In an asset deal, employees do not transfer automatically. Depending on the jurisdiction, employment legislation such as TUPE in the UK and equivalent regimes across the EU may apply, requiring the buyer to take on employees on their existing terms and conditions. Where these protections do not apply, or where they are uncertain, the buyer must negotiate individual transfer arrangements, which adds both cost and complexity.

A related issue is the treatment of equity compensation. Engineers and senior technical staff at technology companies frequently hold stock options or equity awards tied to the parent company. These awards do not automatically transfer and must be addressed as part of the deal — whether through cash-out, replacement awards, or retention packages — if the buyer is to successfully retain the talent it is paying to acquire.

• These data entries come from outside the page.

lemma fa_meet_add_le_Un:
  assumes \<mu>: "pos_fa M \<mu>" and \<nu>: "pos_fa M \<nu>"
    and A: "A \<in> sets M" and B: "B \<in> sets M" and AB: "A \<inter> B = {}"
  shows "fa_meet M \<mu> \<nu> A + fa_meet M \<mu> \<nu> B \<le> fa_meet M \<mu> \<nu> (A \<union> B)"
proof (rule fa_meet_greatest)
  fix C assume C: "C \<in> sets M" "C \<subseteq> A \<union> B"
  have "fa_meet M \<mu> \<nu> A \<le> \<mu> (C \<inter> A) + \<nu> (A - C \<inter> A)"
    using C A by (intro fa_meet_le[OF \<mu> \<nu>]) auto
  moreover have "fa_meet M \<mu> \<nu> B \<le> \<mu> (C \<inter> B) + \<nu> (B - C \<inter> B)"
    using C B by (intro fa_meet_le[OF \<mu> \<nu>]) auto
  moreover have "\<mu> ((C \<inter> A) \<union> (C \<inter> B)) = \<mu> (C \<inter> A) + \<mu> (C \<inter> B)"
    using C A B AB by (intro pos_fa_Un[OF \<mu>]) auto
  moreover have "\<nu> ((A - C \<inter> A) \<union> (B - C \<inter> B)) = \<nu> (A - C \<inter> A) + \<nu> (B - C \<inter> B)"
    using C A B AB by (intro pos_fa_Un[OF \<nu>]) auto
  moreover have "(C \<inter> A) \<union> (C \<inter> B) = C" "(A - C \<inter> A) \<union> (B - C \<inter> B) = A \<union> B - C"
    using C by auto
  ultimately show "fa_meet M \<mu> \<nu> A + fa_meet M \<mu> \<nu> B \<le> \<mu> C + \<nu> (A \<union> B - C)"
    by simp
qed

lemma pos_fa_fa_meet:
  assumes "pos_fa M \<mu>" "pos_fa M \<nu>"
  shows "pos_fa M (fa_meet M \<mu> \<nu>)"
  unfolding pos_fa_def
proof (intro conjI ballI impI)
  show "fa_meet M \<mu> \<nu> {} = 0"
    using fa_meet_le_left[OF assms, of "{}"] fa_meet_nonneg[OF assms, of "{}"] pos_fa_empty[OF assms(1)]
    by simp
  show "0 \<le> fa_meet M \<mu> \<nu> E" if "E \<in> sets M" for E
    using fa_meet_nonneg[OF assms that] .
  show "fa_meet M \<mu> \<nu> (A \<union> B) = fa_meet M \<mu> \<nu> A + fa_meet M \<mu> \<nu> B"
    if "A \<in> sets M" "B \<in> sets M" "A \<inter> B = {}" for A B
    using fa_meet_Un_le[OF assms that] fa_meet_add_le_Un[OF assms that] by linarith
qed

lemma fa_meet_ca_pfa_eq_0:
  assumes ca: "pos_ca M \<kappa>" and pfa: "pos_pfa M \<rho>" and E: "E \<in> sets M"
  shows "fa_meet M \<kappa> \<rho> E = 0"
proof -
  have fa: "pos_fa M \<kappa>" "pos_fa M \<rho>"
    using ca pfa by (auto intro: pos_ca_imp_pos_fa pos_pfa_imp_pos_fa)
  have "pos_ca M (fa_meet M \<kappa> \<rho>)"
    using fa_meet_le_left[OF fa] by (intro pos_ca_if_dominated[OF pos_fa_fa_meet[OF fa] ca])
  then show ?thesis
    using fa_meet_le_right[OF fa] by (intro pos_pfa_vanishes[OF pfa _ _ E])
qed

lemma fa_disjoint_ca_pfa: "pos_ca M \<kappa> \<Longrightarrow> pos_pfa M \<rho> \<Longrightarrow> fa_disjoint M \<kappa> \<rho>"
  unfolding fa_disjoint_def by (blast intro: fa_meet_ca_pfa_eq_0)

lemma fa_disjoint_mono:
  assumes "fa_disjoint M \<mu>' \<nu>'" "pos_fa M \<mu>" "pos_fa M \<nu>"
    and "\<And>E. E \<in> sets M \<Longrightarrow> \<mu> E \<le> \<mu>' E" "\<And>E. E \<in> sets M \<Longrightarrow> \<nu> E \<le> \<nu>' E"
  shows "fa_disjoint M \<mu> \<nu>"
  unfolding fa_disjoint_def
proof
  fix E assume E: "E \<in> sets M"
  have "fa_meet M \<mu> \<nu> E \<le> fa_meet M \<mu>' \<nu>' E"
    using fa_meet_mono[OF assms(2,3) E assms(4,5)] .
  then show "fa_meet M \<mu> \<nu> E = 0"
    using assms(1) E fa_meet_nonneg[OF assms(2,3) E] unfolding fa_disjoint_def by force
qed

\<comment> \<open>As the meet of \<kappa> and \<rho>1 vanishes, E splits into C and E - C with \<kappa> C + \<rho>1 (E - C)
  arbitrarily small.\<close>
lemma pos_ca_le_drop_pfa:
  assumes ca: "pos_ca M \<kappa>" and pfa: "pos_pfa M \<rho>1" and fa: "pos_fa M \<rho>2"
    and le: "\<And>E. E \<in> sets M \<Longrightarrow> \<kappa> E \<le> \<rho>1 E + \<rho>2 E" and E: "E \<in> sets M"
  shows "\<kappa> E \<le> \<rho>2 E"
proof (rule field_le_epsilon)
  fix e :: real assume "0 < e"
  then obtain C where C: "C \<in> sets M" "C \<subseteq> E" and small: "\<kappa> C + \<rho>1 (E - C) < e"
    using fa_meet_greatest[of M E e \<kappa> \<rho>1] fa_meet_ca_pfa_eq_0[OF ca pfa E] by force
  have EC: "E - C \<in> sets M" using C E by blast
  have "\<kappa> E = \<kappa> C + \<kappa> (E - C)"
    using pos_fa_Diff[OF pos_ca_imp_pos_fa[OF ca] C(1) E C(2)] by simp
  moreover have "\<rho>2 (E - C) \<le> \<rho>2 E"
    using EC E by (intro pos_fa_mono[OF fa]) auto
  ultimately show "\<kappa> E \<le> \<rho>2 E + e"
    using le[OF EC] small by linarith
qed

lemma pos_pfa_add:
  assumes "pos_pfa M \<rho>1" "pos_pfa M \<rho>2"
  shows "pos_pfa M (\<lambda>E. \<rho>1 E + \<rho>2 E)"
proof -
  have fa: "pos_fa M \<rho>1" "pos_fa M \<rho>2"
    using assms by (auto intro: pos_pfa_imp_pos_fa)
  have "\<kappa> E = 0" if "pos_ca M \<kappa>" "\<forall>E\<in>sets M. \<kappa> E \<le> \<rho>1 E + \<rho>2 E" "E \<in> sets M" for \<kappa> E
    using that pos_ca_le_drop_pfa[OF that(1) assms(1) fa(2)]
    by (intro pos_pfa_vanishes[OF assms(2) that(1)]) auto
  then show ?thesis
    unfolding pos_pfa_def using pos_fa_add[OF fa] by blast
qed

lemma pos_pfa_sum:
  assumes "finite I" "\<And>k. k \<in> I \<Longrightarrow> pos_pfa M (\<rho> k)"
  shows "pos_pfa M (\<lambda>E. \<Sum>k\<in>I. \<rho> k E)"
  using assms
proof (induction I rule: finite_induct)
  case empty
  then show ?case
    unfolding pos_pfa_def pos_fa_def by (auto intro: antisym pos_fa_nonneg pos_ca_imp_pos_fa)
next
  case (insert i I)
  then show ?case by (simp add: pos_pfa_add)
qed
lemma normsq_Beps_expansion:
  assumes "n \<ge> 1"
  shows "normsq n (Beps n B eps) x = normsq n B x * eps (n+1)^2
         + (\<Sum>i=1..n. (x i)^2 * (eps i)^2)
         + (\<Sum>i=1..n. 2 * (\<Sum>k=1..n. B 1 k * x k) * x i * eps (n+1) * eps i)
         + (\<Sum>i=1..n. \<Sum>j\<in>{i<..n}. 2 * x i * x j * eps i * eps j)"
proof -
  have "(\<Sum>j=1..n. eps j * x j)^2 = (\<Sum>i=1..n. (x i)^2 * (eps i)^2)
      + (\<Sum>i=1..n. \<Sum>j\<in>{i<..n}. 2 * x i * x j * eps i * eps j)"
    unfolding square_of_sum[of "\<lambda>j. eps j * x j"] by (simp add: power_mult_distrib algebra_simps)
  moreover have "(\<Sum>k=1..n. B 1 k * x k) = matvec n B x 1" by (simp add: matvec_def)
  then have "2 * eps (n+1) * matvec n B x 1 * (\<Sum>j=1..n. eps j * x j)
      = (\<Sum>i=1..n. 2 * (\<Sum>k=1..n. B 1 k * x k) * x i * eps (n+1) * eps i)"
    by (simp add: sum_distrib_left algebra_simps)
  ultimately show ?thesis unfolding normsq_Beps[OF assms] by (simp add: algebra_simps)
qed

lemma normsq_Beps_bounds:
  assumes n: "n \<ge> 1" and ns: "nonsingular n B"
    and A: "\<And>i l. i \<in> {1..n} \<Longrightarrow> l \<in> {1..n} \<Longrightarrow> \<bar>B i l\<bar> \<le> M"
    and M: "0 \<le> M" and P: "0 \<le> P" and E: "0 \<le> eps (n+1)"
    and e: "\<And>j. j \<in> {1..n} \<Longrightarrow> \<bar>eps j\<bar> \<le> P"
  defines "K \<equiv> int n * fact n * M^(n-1)"
  shows "eps (n+1)^2 * normsq n B x - 2 * eps (n+1) * P * K * normsq n B x
           \<le> normsq n (Beps n B eps) x"
    and "normsq n (Beps n B eps) x \<le> eps (n+1)^2 * normsq n B x
           + 2 * eps (n+1) * P * K * normsq n B x + P^2 * K^2 * normsq n B x"
proof -
  define E where "E = eps (n+1)"
  define s where "s = (\<Sum>j=1..n. eps j * x j)"
  define U where "U = normsq n B x"
  define c where "c = matvec n B x 1"
  define m where "m = Max ((\<lambda>i. \<bar>matvec n B x i\<bar>) ` {1..n})"
  have um: "\<bar>matvec n B x i\<bar> \<le> m" if "i \<in> {1..n}" for i
    unfolding m_def using that by (intro Max_ge) auto
  have "m \<in> (\<lambda>i. \<bar>matvec n B x i\<bar>) ` {1..n}" unfolding m_def using n by (intro Max_in) auto
  then obtain i0 where i0: "i0 \<in> {1..n}" "m = \<bar>matvec n B x i0\<bar>" by blast
  have m0: "0 \<le> m" using i0 by simp
  have mU: "m^2 \<le> U" unfolding U_def i0(2) using component_le_normsq[OF i0(1)] by simp
  have K0: "0 \<le> K" unfolding K_def using M by simp
  have cm: "\<bar>c\<bar> \<le> m" unfolding c_def using um n by simp
  have sb: "\<bar>s\<bar> \<le> P * K * m"
  proof -
    have "\<bar>s\<bar> \<le> (\<Sum>j=1..n. \<bar>eps j\<bar> * \<bar>x j\<bar>)" unfolding s_def abs_mult[symmetric] by (rule sum_abs)
    also have "\<dots> \<le> (\<Sum>j=1..n. P * (fact n * M^(n-1) * m))"
      by (rule sum_mono, rule mult_mono) (use e coordinate_bound[OF ns _ um A M] P in auto)
    also have "\<dots> = P * K * m" unfolding K_def by simp
    finally show ?thesis .
  qed
  have "\<bar>c * s\<bar> \<le> m * (P * K * m)" unfolding abs_mult by (rule mult_mono[OF cm sb]) (use m0 in auto)
  also have "\<dots> = (P * K) * m^2" by (simp add: power2_eq_square algebra_simps)
  also have "\<dots> \<le> (P * K) * U" by (rule mult_left_mono[OF mU]) (use P K0 in simp)
  finally have "\<bar>c * s\<bar> \<le> P * K * U" .
  then have cs: "\<bar>2 * E * c * s\<bar> \<le> 2 * E * P * K * U"
    using E mult_left_mono[of "\<bar>c * s\<bar>" "P * K * U" "2 * E"]
    by (simp add: E_def abs_mult algebra_simps)
  have "s^2 \<le> (P * K * m)^2" using sb by (metis abs_ge_zero power2_abs power_mono)
  also have "\<dots> = P^2 * K^2 * m^2" by (simp add: power_mult_distrib)
  also have "\<dots> \<le> P^2 * K^2 * U" by (rule mult_left_mono[OF mU]) simp
  finally have ss: "s^2 \<le> P^2 * K^2 * U" .
  have N: "normsq n (Beps n B eps) x = E^2 * U + 2 * E * c * s + s^2"
    unfolding E_def U_def c_def s_def using normsq_Beps[OF n] by simp
  show "E^2 * U - 2 * E * P * K * U \<le> normsq n (Beps n B eps) x"
    unfolding N using cs by (smt (verit) zero_le_power2)
  show "normsq n (Beps n B eps) x \<le> E^2 * U + 2 * E * P * K * U + P^2 * K^2 * U"
    unfolding N using cs ss by linarith
qed
(* Let $G$ be a connected abelian Lie group with Lie algebra $\mathfrak{g}$, a real vector space of dimension $n$, and exponential map $\exp:\mathfrak{g}\to G$ (the universal covering homomorphism). Let $T$ be the maximal torus of $G$, $\mathfrak{t}=\exp^{-1}(T)$ its Lie algebra, and $\Gamma=\ker\exp$, a lattice in $\mathfrak{t}$; let $v_1,\ldots,v_t$ be a basis of $\Gamma$. Let $v_{t+1},\ldots,v_{n+1}$ be elements of $\mathfrak{g}$. Then the subsemigroup of $G$ generated by $\exp(v_{t+1}),\ldots,\exp(v_{n+1})$ is dense in $G$ if and only if the following two conditions hold: (a) the vectors $v_1,\ldots,v_n$ form a basis of $\mathfrak{g}$ over $\mathbb{R}$; (b) writing $v_{n+1}=\alpha_1v_1+\cdots+\alpha_nv_n$, we have $\alpha_i<0$ for $i=t+1,\ldots,n$, and $1,\alpha_1,\ldots,\alpha_n$ are linearly independent over $\mathbb{Q}$.
   Context: The maximal torus of a connected abelian Lie group is its unique maximal compact subgroup (a compact connected abelian Lie group). *)

theory Defs
  imports "HOL-Analysis.Analysis"
begin

inductive_set subsemigroup_gen :: "'g::plus set \<Rightarrow> 'g set" for S where
  gen: "x \<in> S \<Longrightarrow> x \<in> subsemigroup_gen S"
| add: "x \<in> subsemigroup_gen S \<Longrightarrow> y \<in> subsemigroup_gen S \<Longrightarrow> x + y \<in> subsemigroup_gen S"

end

(*
  The exponential map is an open continuous surjection, so the semigroup generated by
  exp v_(t+1), ..., exp v_(n+1) is dense in G iff its preimage S + Gamma is dense in the Lie
  algebra, where S is the semigroup generated by v_(t+1), ..., v_(n+1) and Gamma is the
  lattice spanned by v_1, ..., v_t. If (a) or (b) fails, some nonzero linear functional maps
  S + Gamma into [0, oo) or into the integers, so S + Gamma is not dense. Conversely, by
  Kronecker's theorem the multiples b * alpha_i with b large approximate any prescribed residues
  modulo 1 simultaneously; the points z_1 v_1 + ... + z_n v_n + b v_(n+1) of S + Gamma
  (z_i >= 0 for i > t because alpha_i < 0 and b is large) then come arbitrarily close to any vector.
*)

theory Submission
  imports Defs "HOL-Analysis.Kronecker_Approximation_Theorem"
begin

lemma covering_space_open_image:
  assumes cov: "covering_space UNIV p UNIV" and "open U"
  shows "open (p ` U)"
  unfolding open_subopen [of "p ` U"]
proof
  fix y assume "y \<in> p ` U"
  then obtain x where "x \<in> U" "y = p x"
    by blast
  then obtain T W q where "x \<in> T" "openin (top_of_set UNIV) T" "p x \<in> W"
      "openin (top_of_set UNIV) W" and hom: "homeomorphism T W p q"
    using covering_space_local_homeomorphism [OF cov] by blast
  have "openin (top_of_set T) (T \<inter> U)"
    using \<open>open U\<close> by (simp add: openin_open_Int)
  then have "openin (top_of_set W) (p ` (T \<inter> U))"
    by (rule homeomorphism_imp_open_map [OF hom])
  then have "open (p ` (T \<inter> U))"
    using \<open>openin (top_of_set UNIV) W\<close> openin_open_trans by auto
  then show "\<exists>V. open V \<and> y \<in> V \<and> V \<subseteq> p ` U"
    using \<open>x \<in> T\<close> \<open>x \<in> U\<close> \<open>y = p x\<close> by blast
qed

lemma dense_iff_dense_vimage:
  fixes p :: "'a::topological_space \<Rightarrow> 'b::topological_space"
  assumes cont: "continuous_on UNIV p" and surj: "surj p"
    and open_map: "\<And>U. open U \<Longrightarrow> open (p ` U)"
  shows "closure B = UNIV \<longleftrightarrow> closure (p -` B) = UNIV"
proof -
  have dense_iff: "closure A = UNIV \<longleftrightarrow> (\<forall>T. open T \<longrightarrow> T \<noteq> {} \<longrightarrow> A \<inter> T \<noteq> {})"
    for A :: "'c::topological_space set"
    using dense_intersects_open [of euclidean A] by auto
  show ?thesis
    unfolding dense_iff
  proof (intro iffI allI impI)
    fix U :: "'a set" assume dense: "\<forall>T. open T \<longrightarrow> T \<noteq> {} \<longrightarrow> B \<inter> T \<noteq> {}"
      and "open U" "U \<noteq> {}"
    then have "B \<inter> p ` U \<noteq> {}"
      using open_map by blast
    then show "p -` B \<inter> U \<noteq> {}"
      by blast
  next
    fix T :: "'b set" assume dense: "\<forall>U. open U \<longrightarrow> U \<noteq> {} \<longrightarrow> p -` B \<inter> U \<noteq> {}"
      and "open T" "T \<noteq> {}"
    have "open (p -` T)"
      using \<open>open T\<close> cont open_vimage by blast
    moreover have "p -` T \<noteq> {}"
      using \<open>T \<noteq> {}\<close> surj by (simp add: surj_vimage_empty)
    ultimately have "p -` B \<inter> p -` T \<noteq> {}"
      using dense by blast
    then show "B \<inter> T \<noteq> {}"
      by blast
  qed
qed

lemma subsemigroup_gen_image:
  assumes hom: "\<And>x y. f (x + y) = f x + f y"
  shows "subsemigroup_gen (f ` V) = f ` subsemigroup_gen V"
proof
  show "subsemigroup_gen (f ` V) \<subseteq> f ` subsemigroup_gen V"
  proof
    fix y assume "y \<in> subsemigroup_gen (f ` V)"
    then show "y \<in> f ` subsemigroup_gen V"
    proof induct
      case (gen y)
      then show ?case
        by (auto intro: subsemigroup_gen.gen)
    next
      case (add x y)
      then obtain a b where "a \<in> subsemigroup_gen V" "b \<in> subsemigroup_gen V" "x = f a" "y = f b"
        by auto
      then show ?case
        using hom [of a b] by (metis image_eqI subsemigroup_gen.add)
    qed
  qed
  show "f ` subsemigroup_gen V \<subseteq> subsemigroup_gen (f ` V)"
  proof clarify
    fix x assume "x \<in> subsemigroup_gen V"
    then show "f x \<in> subsemigroup_gen (f ` V)"
    proof induct
      case (gen x)
      then show ?case
        by (auto intro: subsemigroup_gen.gen)
    next
      case (add x y)
      then show ?case
        using hom [of x y] by (metis subsemigroup_gen.add)
    qed
  qed
qed

lemma subsemigroup_gen_least:
  assumes "V \<subseteq> P" "\<And>x y. x \<in> P \<Longrightarrow> y \<in> P \<Longrightarrow> x + y \<in> P"
  shows "subsemigroup_gen V \<subseteq> P"
proof
  fix x assume "x \<in> subsemigroup_gen V"
  then show "x \<in> P"
    by induct (use assms in auto)
qed

lemma add_nat_multiple_in_subsemigroup_gen:
  fixes w :: "'a::real_vector"
  assumes "y \<in> subsemigroup_gen V" "w \<in> subsemigroup_gen V"
  shows "y + of_nat m *\<^sub>R w \<in> subsemigroup_gen V"
proof (induction m)
  case (Suc m)
  have "y + of_nat (Suc m) *\<^sub>R w = (y + of_nat m *\<^sub>R w) + w"
    by (simp add: algebra_simps)
  then show ?case
    using Suc assms(2) by (metis subsemigroup_gen.add)
qed (use assms in simp)

lemma add_nat_combination_in_subsemigroup_gen:
  fixes w :: "nat \<Rightarrow> 'a::real_vector"
  assumes "finite F" "y \<in> subsemigroup_gen V" "\<And>i. i \<in> F \<Longrightarrow> w i \<in> subsemigroup_gen V"
  shows "y + (\<Sum>i\<in>F. of_nat (a i) *\<^sub>R w i) \<in> subsemigroup_gen V"
  using assms
proof (induction F rule: finite_induct)
  case (insert i F)
  have "y + (\<Sum>i\<in>insert i F. of_nat (a i) *\<^sub>R w i)
      = (y + (\<Sum>i\<in>F. of_nat (a i) *\<^sub>R w i)) + of_nat (a i) *\<^sub>R w i"
    using insert.hyps by (simp add: add_ac)
  also have "\<dots> \<in> subsemigroup_gen V"
    using insert by (intro add_nat_multiple_in_subsemigroup_gen) auto
  finally show ?case .
qed simp

definition semigroup_plus_lattice :: "(nat \<Rightarrow> 'a::real_vector) \<Rightarrow> nat \<Rightarrow> nat \<Rightarrow> 'a set" where
  "semigroup_plus_lattice v t n =
     {s + (\<Sum>i=1..t. of_int (k i) *\<^sub>R v i) | s k. s \<in> subsemigroup_gen (v ` {t+1..n+1})}"

lemma vimage_subsemigroup_gen_eq_semigroup_plus_lattice:
  fixes f :: "'a::real_vector \<Rightarrow> 'g::ab_group_add"
  assumes hom: "\<And>x y. f (x + y) = f x + f y"
    and kernel: "{x. f x = 0} = {(\<Sum>i=1..t. of_int (k i) *\<^sub>R v i) | k :: nat \<Rightarrow> int. True}"
  shows "f -` subsemigroup_gen (f ` v ` {t+1..n+1}) = semigroup_plus_lattice v t n"
proof -
  have f_diff: "f (x - y) = f x - f y" for x y
    using hom [of "x - y" y] by (simp add: algebra_simps)
  have vimage_image: "f -` (f ` S) = {s + \<gamma> | s \<gamma>. s \<in> S \<and> f \<gamma> = 0}" for S
  proof (intro equalityI subsetI)
    fix x assume "x \<in> f -` (f ` S)"
    then obtain s where "s \<in> S" "f x = f s"
      by auto
    then show "x \<in> {s + \<gamma> | s \<gamma>. s \<in> S \<and> f \<gamma> = 0}"
      by (intro CollectI exI [of _ s] exI [of _ "x - s"]) (simp add: f_diff)
  next
    fix x assume "x \<in> {s + \<gamma> | s \<gamma>. s \<in> S \<and> f \<gamma> = 0}"
    then obtain s \<gamma> where "s \<in> S" "f \<gamma> = 0" "x = s + \<gamma>"
      by blast
    then show "x \<in> f -` (f ` S)"
      by (simp add: hom)
  qed
  have ker: "f \<gamma> = 0 \<longleftrightarrow> (\<exists>k. \<gamma> = (\<Sum>i=1..t. of_int (k i) *\<^sub>R v i))" for \<gamma>
    using kernel by (simp add: set_eq_iff)
  show ?thesis
    unfolding subsemigroup_gen_image [of f, OF hom] vimage_image semigroup_plus_lattice_def ker
    by blast
qed

lemma linear_image_semigroup_plus_lattice_subset:
  fixes g :: "'a::real_vector \<Rightarrow> real"
  assumes lin: "linear g" and "0 \<in> C" and add: "\<And>a b. a \<in> C \<Longrightarrow> b \<in> C \<Longrightarrow> a + b \<in> C"
    and lattice: "\<And>i k. i \<in> {1..t} \<Longrightarrow> of_int k * g (v i) \<in> C"
    and semigroup: "\<And>j. j \<in> {t+1..n+1} \<Longrightarrow> g (v j) \<in> C"
  shows "g ` semigroup_plus_lattice v t n \<subseteq> C"
proof clarify
  fix x assume "x \<in> semigroup_plus_lattice v t n"
  then obtain s k where x: "x = s + (\<Sum>i=1..t. of_int (k i) *\<^sub>R v i)"
    and s: "s \<in> subsemigroup_gen (v ` {t+1..n+1})"
    unfolding semigroup_plus_lattice_def by blast
  have "subsemigroup_gen (v ` {t+1..n+1}) \<subseteq> g -` C"
  proof (rule subsemigroup_gen_least)
    show "v ` {t+1..n+1} \<subseteq> g -` C"
      using semigroup by blast
    show "a + b \<in> g -` C" if "a \<in> g -` C" "b \<in> g -` C" for a b
      using that add by (simp add: linear_add [OF lin])
  qed
  with s have "g s \<in> C"
    by blast
  have "(\<Sum>i\<in>I. of_int (k i) * g (v i)) \<in> C" if "I \<subseteq> {1..t}" for I
    using finite_subset [OF that] that
    by (induction I rule: finite_induct) (simp_all add: \<open>0 \<in> C\<close> add lattice)
  then have "g (\<Sum>i=1..t. of_int (k i) *\<^sub>R v i) \<in> C"
    by (simp add: linear_sum [OF lin] linear_scale [OF lin])
  then show "g x \<in> C"
    using \<open>g s \<in> C\<close> add by (simp add: x linear_add [OF lin])
qed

A particular risk arises where critical know-how sits with a small number of individuals who may not transfer or may not be retained post-closing.

Third-Party Contracts: Consent and Novation

Unlike a share deal, where contracts remain with the entity and counterparty consent is generally not required, an asset deal requires the transfer of individual contracts from the seller to the buyer. Many commercial contracts contain change of control or anti-assignment provisions that require the counterparty’s consent to any such transfer.

Obtaining consents can be time-consuming and, in some cases, gives counterparties the opportunity to renegotiate terms or exit the contract entirely. Key customer and supplier contracts should be identified early in the process, the consent requirements mapped, and a strategy agreed for approaching counterparties; ideally before rather than after signing.

In practice, the timing and sequencing of consent requests can be as critical as the consent requirement itself.

Conclusion: Preparation is Everything

The IBA roundtable discussion in Barcelona reinforced a theme that practitioners in this space encounter repeatedly: in tech asset deals, preparation is everything. The complexity of these transactions is not inherently unmanageable'; but it does require early, detailed planning, a multidisciplinary team that combines legal, technical, and commercial expertise, and a realistic assessment of the time and cost required to achieve a clean separation.

For buyers, the key discipline is resisting the temptation to treat the asset deal as a simpler transaction than a share deal. It is not. For sellers, the priority is investing in the separation workstream early - ideally before a buyer is even in the room - so that the carved-out business can be presented as a coherent, operable entity rather than a collection of interdependencies.

When structured carefully, tech asset deals can deliver significant value for both parties. The complexity is real; but it is navigable.

The complexity of these transactions lies not only in legal structuring, but in the interaction between legal, technical, and operational realities.